Summary of vertical search engine R & D experience

Source: Internet
Author: User
What is vertical search engine?

Vertical search engines are search engines targeting a certain industry. They are refined and extended by search engines and integrate certain types of information in the Web library, extract the required data from the field, perform secondary processing and indexing, and return the search result based on the user's request.
Compared with common web search engines, the biggest difference between them is that structured information is extracted from webpage information, that is, unstructured data of webpages is extracted into specific structured information data, for example, a web search uses a web page as the smallest single bit, while a vertical search uses a structured data as the smallest unit. This structured data can be called a record. Then, the data (record information) is further processed, such as deduplication and classification. Finally, Word Segmentation and indexing are used to meet users' needs by searching. Obviously, this process is similar to traditional database retrieval. However, the traditional database search is based on string matching and has no relevance sorting. Of course, traditional data retrieval also has its own advantages, supporting complex table join operations. Vertical search engines are relatively weak in this regard.
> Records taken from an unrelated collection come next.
lemma card_hat:
  assumes "a \<in> Tset" "b \<in> Tset"
  shows "card (hat a b) = card a + card b"
proof -
  have a: "finite a" "a \<subseteq> {0<..1}" and b: "finite b" "b \<subseteq> {0<..1}"
    using Tset_finite_subset assms by auto
  have "(\<lambda>x. x / 2) ` a \<inter> (\<lambda>x. (x + 1) / 2) ` b = {}"
    using a(2) b(2) by fastforce
  moreover have "inj_on (\<lambda>x::real. x / 2) a" "inj_on (\<lambda>x::real. (x + 1) / 2) b"
    by (auto simp: inj_on_def)
  ultimately show ?thesis
    unfolding hat_def using a(1) b(1) by (simp add: card_Un_disjoint card_image)
qed

lemma ex_Tset_card: "0 < n \<Longrightarrow> \<exists>t\<in>Tset. card t = n"
proof (induction n)
  case (Suc n)
  show ?case
  proof (cases "n = 0")
    case False
    then obtain t where "t \<in> Tset" "card t = n" using Suc.IH by blast
    then show ?thesis using Tset.hat[of t "{1}"] Tset.one card_hat[of t "{1}"] by force
  qed (use Tset.one in force)
qed simp

definition card_ultra :: "nat set set \<Rightarrow> real set set set \<Rightarrow> bool" where
  "card_ultra e U \<longleftrightarrow> ultrafilter U \<and> Tset \<in> U \<and> (\<forall>X\<in>e. card -` X \<in> U)"

lemma card_ultra_exists:
  assumes e: "ultrafilter e" "frechet \<subseteq> e"
  obtains U where "card_ultra e U"
proof -
  let ?B = "(\<lambda>X. Tset \<inter> card -` X) ` e"
  obtain U where U: "ultrafilter U" "?B \<subseteq> U"
  proof (rule filter_base_extends_to_ultrafilter)
    show "?B \<noteq> {}" using ultrafilterD(2)[OF e(1)] by blast
    show "{} \<notin> ?B"
    proof
      assume "{} \<in> ?B"
      then obtain X where X: "X \<in> e" "Tset \<inter> card -` X = {}" by auto
      have "{1..} \<in> e" using e(2) unfolding frechet_def by blast
      then have "X \<inter> {1..} \<in> e" using X(1) ultrafilterD(4)[OF e(1)] by blast
      then obtain n where "n \<in> X" "0 < n" using ultrafilter_nonempty[OF e(1)] by fastforce
      moreover obtain t where "t \<in> Tset" "card t = n" using ex_Tset_card[OF \<open>0 < n\<close>] by blast
      ultimately show False using X(2) by blast
    qed
    show "Y \<inter> Z \<in> ?B" if YZ: "Y \<in> ?B" "Z \<in> ?B" for Y Z
    proof -
      obtain X X' where "X \<in> e" "X' \<in> e" "Y = Tset \<inter> card -` X" "Z = Tset \<inter> card -` X'"
        using YZ by blast
      moreover have "X \<inter> X' \<in> e" using calculation ultrafilterD(4)[OF e(1)] by blast
      moreover have "Y \<inter> Z = Tset \<inter> card -` (X \<inter> X')" using calculation by auto
      ultimately show ?thesis by blast
    qed
  qed
  have "Tset \<in> U" using U(2) ultrafilterD(2)[OF e(1)] by auto
  moreover have "card -` X \<in> U" if "X \<in> e" for X
    using U that ultrafilterD(3)[OF U(1), of "Tset \<inter> card -` X"] by blast
  ultimately have "card_ultra e U" unfolding card_ultra_def using U(1) by blast
  then show thesis by (rule that)
qed
lemma lyapunov_has_vector_derivative:
  assumes "t \<ge> 0"
  shows "(lyapunov has_vector_derivative - 2 * dissipation (p t)) (at t within {0..})"
proof -
  define p' where "p' = - (transpose M *v q t) - G (p t) + B *v u"
  have "p' = - (transpose M *v (q t - q_equilibrium)) - (G (p t) - G 0)"
    unfolding p'_def matrix_vector_mult_diff_distrib transpose_M_q_equilibrium by (simp add: algebra_simps)
  moreover have "p t \<bullet> (transpose M *v w) = w \<bullet> (M *v p t)" for w
    using dot_lmul_matrix[of w M "p t"] by (simp add: inner_commute)
  ultimately have cancel: "(q t - q_equilibrium) \<bullet> (M *v p t) + p t \<bullet> p' = - dissipation (p t)"
    by (simp add: dissipation_def inner_diff_right)
  have "((\<lambda>t. q t - q_equilibrium) has_derivative (\<lambda>h. h *\<^sub>R (M *v p t))) (at t within {0..})"
    using q_ode[OF assms] by (auto intro!: derivative_eq_intros simp: has_vector_derivative_def)
  moreover have "(p has_derivative (\<lambda>h. h *\<^sub>R p')) (at t within {0..})"
    using p_ode[OF assms] by (simp add: p'_def has_vector_derivative_def)
  ultimately have "(lyapunov has_derivative
      (\<lambda>h. h *\<^sub>R (2 * ((q t - q_equilibrium) \<bullet> (M *v p t) + p t \<bullet> p')))) (at t within {0..})"
    unfolding lyapunov_def[abs_def]
    by (intro has_derivative_eq_rhs[OF has_derivative_add[OF has_derivative_inner has_derivative_inner]])
      (auto simp: fun_eq_iff inner_commute algebra_simps)
  then show ?thesis by (simp add: has_vector_derivative_def cancel)
qed

lemma lyapunov_antimono:
  assumes "0 \<le> s" "s \<le> t"
  shows "lyapunov t \<le> lyapunov s"
proof -
  have "(lyapunov has_derivative (\<lambda>h. h *\<^sub>R (- 2 * dissipation (p x)))) (at x within {s..t})"
    if "s \<le> x" "x \<le> t" for x
    using lyapunov_has_vector_derivative[of x] assms that
    by (auto simp: has_vector_derivative_def intro: has_derivative_subset)
  from mvt_very_simple[OF \<open>s \<le> t\<close> this] obtain x
    where "lyapunov t - lyapunov s = (t - s) * (- 2 * dissipation (p x))"
    by auto
  moreover have "0 \<le> (t - s) * dissipation (p x)"
    using assms dissipation_nonneg by simp
  ultimately show ?thesis by simp
qed

lemma trajectory_bounded:
  assumes "0 \<le> t"
  shows "norm (p t) \<le> sqrt (lyapunov 0)" and "norm (q t - q_equilibrium) \<le> sqrt (lyapunov 0)"
proof -
  have "norm (p t) ^ 2 + norm (q t - q_equilibrium) ^ 2 \<le> lyapunov 0"
    using lyapunov_antimono[OF order_refl assms] by (simp add: lyapunov_def power2_norm_eq_inner)
  moreover have "0 \<le> norm (p t) ^ 2" "0 \<le> norm (q t - q_equilibrium) ^ 2" by simp_all
  ultimately have "norm (p t) ^ 2 \<le> lyapunov 0" "norm (q t - q_equilibrium) ^ 2 \<le> lyapunov 0"
    by linarith+
  then show "norm (p t) \<le> sqrt (lyapunov 0)" "norm (q t - q_equilibrium) \<le> sqrt (lyapunov 0)"
    by (simp_all add: real_le_rsqrt)
qed

lemma uniformly_continuous_along_trajectory:
  fixes h :: "(real^'n) \<times> (real^'n) \<Rightarrow> 'c::metric_space"
  assumes "continuous_on UNIV h"
  shows "uniformly_continuous_on {0..} (\<lambda>t. h (q t, p t))"
proof -
  define R where "R = sqrt (lyapunov 0)"
  define C where "C = cball (0::real^'n) (norm q_equilibrium + R) \<times> cball (0::real^'n) R"
  have "compact C" unfolding C_def by (intro compact_Times compact_cball)
  have in_C: "(q t, p t) \<in> C" if "t \<in> {0..}" for t
    using trajectory_bounded[of t] norm_triangle_ineq2[of "q t" q_equilibrium] that
    by (auto simp: C_def R_def)
  obtain K where "0 < K" and K: "\<And>z. z \<in> C \<Longrightarrow> norm (vector_field z) \<le> K"
    using compact_continuous_image[OF continuous_on_subset[OF continuous_on_vector_field] \<open>compact C\<close>]
    by (auto dest!: compact_imp_bounded simp: bounded_pos)
  have "K-lipschitz_on {0..} (\<lambda>t. (q t, p t))"
    using state_has_vector_derivative K in_C \<open>0 < K\<close>
    by (intro bounded_vector_derivative_imp_lipschitz) auto
  then have "uniformly_continuous_on {0..} (\<lambda>t. (q t, p t))"
    by (rule lipschitz_on_uniformly_continuous)
  then show ?thesis
    using in_C \<open>compact C\<close> continuous_on_subset[OF assms subset_UNIV]
    by (rule uniformly_continuous_on_compose_compact)
qed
It can be said that vertical search engines are based on the common search and Database Retrieval solutions under actual needs.

General vertical search engine process:
Targeted crawling ==> webpage Information Extraction ==> secondary processing and Word Segmentation ==> indexing and retrieval ==> relevance sorting

Vertical search features:
(1) The data captured by the vertical search engine comes from the Industry websites that the vertical search engine is concerned:
For example, the data from www.deepdo.com, www.51job.com, www.zhaoping.com, www.chinahr.com, and so on are from www.jrj.com.cn and www.gutx.com;
(2) data captured by vertical search engines tends to be structured data and metadata:
For example, if we are looking for a job, we should pay attention to: job information: software engineer; company name; Industry name: software company, outsourcing industry; Location: Beijing, Haidian;
(3) vertical search engines search based on structured data:
For example, find the work of Haidian software engineer.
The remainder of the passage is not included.